Despite its widespread occurrence, acute LBP is considered to be typically self-limiting, with a recovery rate of 90% within 6 weeks of the initial episode [8], whereas 2 to 7% of patients develop chronic LBP and have a high risk of recurrence [4, 8]. The progression to chronicity is associated with high disability and costs for society [9]. Out of all 291 conditions studied in the Global Burden of Disease 2010 Study, LBP ranked highest in terms of disability and sixth in terms of overall burden expressed as disability-adjusted life-year (DALYs). Estimated DALYs increased from 58.2 million in 1990 to 83.0 million in 2010 [5]. In fact, LBP leads to a greater number of people leaving the labor force than diabetes, hypertension, neoplasm, asthma, and heart and respiratory disease combined [10].

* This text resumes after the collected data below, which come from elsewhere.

(* Assume $I_1\in L^1(\mu_V)$ and that $I_1,I_2$ are locally bounded. Suppose there exist $\phi\in\hat{\mathscr C}_{j,V}$ with $\phi\ge1$, $h\in C^\infty(\mathbb R^d)$ with $h>0$, and constants $b,r_0>0$ such that for all $x$, $$\hat L_{j,V}\phi(x)\le -h(x)+b\mathbf 1_{B(0,r_0)}(x).$$ If $\int\phi h^{-1}d\mu_V<\infty$ and $\kappa_r<\infty$ for every $r>1$, then there exists $C_1>0$ such that for all $f\in C_b^\infty(\mathbb R^d)$ with $\int f\,d\mu_V=0$, $$\int f^2h\phi^{-1}\,d\mu_V\le C_1D_{j,V}(f,f).$$
   Context: Let $d\ge1$; $V$ locally bounded measurable with $\int e^{-V}<\infty$, $\mu_V(dx)=e^{-V(x)}dx/\int e^{-V}$. $j\ge0$ is measurable and symmetric on $\{(x,y):x\ne y\}$. $I_1(x):=\int(1\wedge|x-y|^2)j(x,y)\mu_V(dy)$, $I_2(x):=\int_{\{|z|\le1\}}|z|\,|j(x,x+z)e^{-V(x+z)}-j(x,x-z)e^{-V(x-z)}|dz$. $D_{j,V}(f,f):=\frac12\iint(f(y)-f(x))^2j(x,y)\mu_V(dy)\mu_V(dx)$. Truncated operator: $\hat L_{j,V}f(x):=\int_{\{|x-y|>1\}}(f(y)-f(x))j(x,y)\mu_V(dy)$. $\hat{\mathscr C}_{j,V}$ is the set of $\phi\in C^\infty(\mathbb R^d)$ such that $x\mapsto\int_{\{|x-y|>1\}}|\phi(y)|j(x,y)\mu_V(dy)$ is locally bounded. $\kappa_r:=\mu_V(B(0,r))^{-2}\sup_{x\in B(0,r)}\int_{B(0,r)}j(x,y)^{-1}\mu_V(dy)$. *)

theory Defs
  imports "HOL-Analysis.Analysis" "HOL-Probability.Probability"
begin

fun Ck :: "nat \<Rightarrow> ('a::euclidean_space \<Rightarrow> real) set" where
  "Ck 0 = {f. continuous_on UNIV f}"
| "Ck (Suc k) = {f. f differentiable_on UNIV \<and>
      (\<forall>i\<in>Basis. (\<lambda>x. frechet_derivative f (at x) i) \<in> Ck k)}"

definition smooth :: "('a::euclidean_space \<Rightarrow> real) \<Rightarrow> bool" where
  "smooth f \<longleftrightarrow> (\<forall>k. f \<in> Ck k)"

fun Cbk :: "nat \<Rightarrow> ('a::euclidean_space \<Rightarrow> real) set" where
  "Cbk 0 = {f. continuous_on UNIV f \<and> bounded (range f)}"
| "Cbk (Suc k) = {f. bounded (range f) \<and> f differentiable_on UNIV \<and>
      (\<forall>i\<in>Basis. (\<lambda>x. frechet_derivative f (at x) i) \<in> Cbk k)}"

definition smooth_bdd :: "('a::euclidean_space \<Rightarrow> real) \<Rightarrow> bool" where
  "smooth_bdd f \<longleftrightarrow> (\<forall>k. f \<in> Cbk k)"

definition locbdd_real :: "('a::euclidean_space \<Rightarrow> real) \<Rightarrow> bool" where
  "locbdd_real g \<longleftrightarrow> (\<forall>K. compact K \<longrightarrow> bounded (g ` K))"

definition locbdd_ennreal :: "('a::euclidean_space \<Rightarrow> ennreal) \<Rightarrow> bool" where
  "locbdd_ennreal g \<longleftrightarrow> (\<forall>K. compact K \<longrightarrow> (\<exists>C::real. \<forall>x\<in>K. g x \<le> ennreal C))"

definition muV :: "('a::euclidean_space \<Rightarrow> real) \<Rightarrow> 'a measure" where
  "muV V = density lborel
     (\<lambda>x. ennreal (exp (- V x) / (LINT y|lborel. exp (- V y))))"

There are many different therapeutic interventions for acute and sub-acute non-specific LBP, including pharmacological and physiotherapy treatments that are sustained by several systematic reviews [11,12,13,14,15,16,17,18,19,20,21,22]. However, none of them has been universally accepted as being the most efficacious. The five most recent guidelines (from 2015 to 2018) developed inconsistent and discordant recommendations for acute LBP [23, 24]. The uncertainties regarding the most effective treatment may be due to the absence of multiple direct comparisons of the available treatments. In fact, the majority of published studies compare only two interventions at a time. It would be helpful for clinicians, patients, and all stakeholders to know the relative efficacy of all the available treatments for acute LBP in terms of benefits and harm, in order to inform treatment decision and let to choose the best option on the basis of evidence and not only according to expert opinion.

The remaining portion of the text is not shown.